In clinical practice, the Externalizing and preschool Total crosswalk tables may be unsuitable for application at the level of the individual in high-stakes decisions, for instance, when assessing changes in functioning in an inpatient or residential care setting as a decision criterion for clinical or social welfare decisions. In general, these qualifications do not apply to the Internalizing conversions for any age group or Total scores for the school-age groups, for which unidimensionality and linking analyses resulted in more reliable linking functions. Correlations between CBCL and SDQ summed scores for these domains and samples fluctuated around .866, which is a commonly used cutoff for classifying linked scores as equated, indicating interchangeability of the two sets of scores (Dorans & Walker, 2007; Newton, 2010). Because these correlations are close to the cutoff, we would not recommend treating any linked scores as completely equivalent in high-stakes decisions for individuals; rather, these linked scores can be considered the most likely scores that would be obtained had the to-be-linked instrument been administered instead. As with almost any psychological test, high-stakes decisions should not be based on (linked) test scores alone but in combination with clinical severity of disorder and level of functioning as assessed by individuals trained in making such assessments.
That being said, the aforementioned issues with the Externalizing and preschool Total scores do not necessarily preclude the use of their associated crosswalk conversions in research that requires pooling data from these measures, for example, in transdisciplinary consortium research or post hoc data aggregation. Despite these issues, the linked scores remain the best estimate of the score that would have been obtained on the not administered measure given an observed score on the administered measure, and placing scores on a common metric, although imperfect, retains utility over conducting no harmonization at all (e.g., Skaggs, 2005). Rather, we recommend that analysts using these linking functions conduct sensitivity analyses to determine whether the instrument used to generate a score influences their results; in regression analyses, this would involve including an indicator denoting the administered test as a covariate and moderator of the effect(s) of interest. Assuming otherwise equivalent samples, significant moderation would indicate that conclusions may be sensitive to the measure used, any other differences between administrations (e.g., population differences) notwithstanding. While this sensitivity analysis is an important tool to use whenever scores are linked to a common metric, it is particularly important when linkages are not perfectly reliable, as with the Externalizing and preschool Total Problems crosswalks presented herein. These linkages, when properly incorporated into pooled data analyses, provide a valuable tool for increasing the statistical power available to answer important research questions in child psychosocial health while permitting the statistical assessment of method effects caused by differences in assessment.

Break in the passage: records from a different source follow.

(* Let $I\subseteq\mathbb{R}$ be an open interval (possibly unbounded), $\Sigma=I\times\mathbb{R}$, and let $h\ge1$, $L\ge1$ be integers. Let $F\in C^\omega(\Sigma,\mathbb{R}^2)$ be a non-singular map of the form $F(x,y)=\Big(\sum_{l=1}^L p_{2hl}(x)y^{2hl}+p_1(x)y+p_0(x),\;q_{2h}(x)y^{2h}+q_0(x)\Big)$. If $p_1(x)\neq0$ for all $x\in I$, then $F$ is injective.
   Context: For $F=(P,Q)$, $d_F=P_xQ_y-P_yQ_x$ is the Jacobian determinant; $F$ is non-singular if $d_F(x,y)\neq0$ for all $(x,y)\in\Sigma$. $C^\omega$ denotes real analytic. *)

theory Defs
  imports "HOL-Analysis.Analysis"
begin

text \<open>Real analyticity of a real-valued function of two real variables on a set S:
  near every point of S it is the (unconditionally, i.e. absolutely, convergent)
  sum of a double power series.\<close>
definition real_analytic2_on :: "(real \<times> real \<Rightarrow> real) \<Rightarrow> (real \<times> real) set \<Rightarrow> bool" where
  "real_analytic2_on f S \<longleftrightarrow>
     (\<forall>(a, b) \<in> S. \<exists>r > 0. \<exists>c :: nat \<Rightarrow> nat \<Rightarrow> real.
        \<forall>x y. dist (x, y) (a, b) < r \<longrightarrow>
          ((\<lambda>(i, j). c i j * (x - a) ^ i * (y - b) ^ j) has_sum f (x, y)) UNIV)"

definition real_analytic_map_on :: "(real \<times> real \<Rightarrow> real \<times> real) \<Rightarrow> (real \<times> real) set \<Rightarrow> bool" where
  "real_analytic_map_on F S \<longleftrightarrow>
     real_analytic2_on (\<lambda>z. fst (F z)) S \<and> real_analytic2_on (\<lambda>z. snd (F z)) S"

definition jac_det :: "(real \<times> real \<Rightarrow> real \<times> real) \<Rightarrow> real \<Rightarrow> real \<Rightarrow> real" where
  "jac_det F x y =
     deriv (\<lambda>s. fst (F (s, y))) x * deriv (\<lambda>t. snd (F (x, t))) y
   - deriv (\<lambda>t. fst (F (x, t))) y * deriv (\<lambda>s. snd (F (s, y))) x"

end

theory Submission
  imports Defs "HOL-Computational_Algebra.Polynomial"
begin

text \<open>
  Write s = a(x) y with a = p_1 and m = 2h. Then Q(x, y) = lead(x) s^m + e(x) is an affine
  function QT x T of T = s^m, and P(x, -y) = P(x, y) - 2s. The Jacobians at (x, y) and (x, -y)
  add up to -2 a(x) times the x-derivative of QT at T = s^m; as the Jacobian has constant sign,
  QT x T is strictly monotone in x for every T \<ge> 0 (after normalising the sign of q_0').
  So between two points with equal Q and s of equal sign the level set of Q is a graph over
  the x-axis, and the mean value theorem along it, with the sign of the Jacobian, shows that P
  increases strictly with s. The reflection y \<mapsto> -y fixes Q and lowers P by 2s, which extends
  this to points with s of opposite signs. Hence F(x1, y1) = F(x2, y2) forces s1 = s2, then
  x1 = x2 by monotonicity of QT, and y1 = y2.
\<close>

lemma has_real_derivative_compose_pair:
  assumes "((\<lambda>z. f (fst z) (snd z)) has_derivative (\<lambda>d. A * fst d + B * snd d)) (at (u t, v t))"
    and "(u has_real_derivative u') (at t)" and "(v has_real_derivative v') (at t)"
  shows "((\<lambda>s. f (u s) (v s)) has_real_derivative A * u' + B * v') (at t)"
proof -
  have "((\<lambda>s. (u s, v s)) has_derivative (\<lambda>d. (d * u', d * v'))) (at t)"
    using assms(2,3)
    by (intro has_derivative_Pair) (simp_all add: has_field_derivative_def mult_commute_abs)
  from has_derivative_compose[OF this assms(1)]
  have "((\<lambda>s. f (u s) (v s)) has_derivative (\<lambda>d. A * (d * u') + B * (d * v'))) (at t)"
    by simp
  then show ?thesis
    unfolding has_field_derivative_def
    by (rule has_derivative_eq_rhs) (simp add: fun_eq_iff algebra_simps)
qed

lemma continuous_nonzero_imp_same_sign:
  fixes f :: "real \<Rightarrow> real"
  assumes "continuous_on UNIV f" and "\<And>t. f t \<noteq> 0"
  shows "0 < f s * f t"
proof (rule ccontr)
  assume "\<not> 0 < f s * f t"
  then have "0 \<in> closed_segment (f s) (f t)"
    using assms(2)[of s] assms(2)[of t] unfolding closed_segment_eq_real_ivl
    by (auto simp: not_less mult_le_0_iff)
  then obtain u where "f u = 0"
    using IVT'_closed_segment_real[of 0 f s t] continuous_on_subset[OF assms(1)] by blast
  with assms(2) show False by blast
qed

lemma interval_segment_subset:
  fixes I :: "real set"
  assumes "is_interval I" and "x1 \<in> I" and "x2 \<in> I"
  shows "{x1..x2} \<subseteq> I"
  using mem_is_interval_1_I[OF assms] by auto

lemma DERIV_nonzero_imp_inj_on:
  fixes g :: "real \<Rightarrow> real"
  assumes "is_interval I"
    and g: "\<And>x. x \<in> I \<Longrightarrow> (g has_real_derivative g' x) (at x)"
    and nonzero: "\<And>x. x \<in> I \<Longrightarrow> g' x \<noteq> 0"
  shows "inj_on g I"
proof (rule linorder_inj_onI)
  fix x1 x2 assume "x1 < x2" "x1 \<in> I" "x2 \<in> I"
  then have sub: "{x1..x2} \<subseteq> I"
    using interval_segment_subset[OF assms(1)] by blast
  have "continuous_on I g"
    using g by (intro continuous_at_imp_continuous_on ballI DERIV_isCont) blast
  then have cont: "continuous_on {x1..x2} g"
    using sub by (rule continuous_on_subset)
  have diff: "g differentiable (at x)" if "x1 < x" "x < x2" for x
  proof -
    have "x \<in> I" using sub that by auto
    then show ?thesis using g real_differentiable_def by blast
  qed
  show "g x1 \<noteq> g x2"
  proof
    assume "g x1 = g x2"
    then obtain z where z: "x1 < z" "z < x2" "(g has_real_derivative 0) (at z)"
      using Rolle[OF \<open>x1 < x2\<close> _ cont diff] by blast
    then have "z \<in> I" using sub by auto
    then show False using DERIV_unique[OF g z(3)] nonzero by simp
  qed
qed auto

lemma DERIV_nonzero_imp_constant_sign:
  fixes g :: "real \<Rightarrow> real"
  assumes I: "open I" "is_interval I"
    and g: "\<And>x. x \<in> I \<Longrightarrow> (g has_real_derivative g' x) (at x)"
    and nonzero: "\<And>x. x \<in> I \<Longrightarrow> g' x \<noteq> 0"
  shows "(\<forall>x\<in>I. 0 < g' x) \<or> (\<forall>x\<in>I. g' x < 0)"
proof -
  have "continuous_on I g"
    using g by (intro continuous_at_imp_continuous_on ballI DERIV_isCont) blast
  then have "strict_mono_on I g \<or> strict_antimono_on I g"
    using injective_eq_monotone_map[OF I(2)] DERIV_nonzero_imp_inj_on[OF I(2) g nonzero]
    by simp
  then show ?thesis
  proof
    assume "strict_mono_on I g"
    then have "0 \<le> g' x" if "x \<in> I" for x
      using mono_on_imp_deriv_nonneg[OF strict_mono_on_imp_mono_on g[OF that]] that I(1)
      by (simp add: interior_open)
    then show ?thesis using nonzero by (simp add: order_le_less)
  next
    assume "strict_antimono_on I g"
    then have "mono_on I (\<lambda>x. - g x)"
      by (simp add: monotone_on_def less_eq_real_def)
    then have "0 \<le> - g' x" if "x \<in> I" for x
      using mono_on_imp_deriv_nonneg[OF _ DERIV_minus[OF g[OF that]]] that I(1)
      by (simp add: interior_open)
    then show ?thesis using nonzero by (metis neg_0_le_iff_le order_le_less)
  qed
qed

Furthermore, it should be acknowledged that the correlation between linked and observed scores was not perfect and that there is inherent error in the process of converting scores on one instrument to equated scores on the other. This error is partly a function of sample size: while the sample sizes used to derive linking functions here (~250–500) are well beyond those needed to yield meaningful statistical gains from equating scores (50–200; Aşiret & Sünbül, 2016), they are smaller than in some large-scale test linking studies, for example, in high-stakes achievement test linking (e.g., Pommerich et al., 2000).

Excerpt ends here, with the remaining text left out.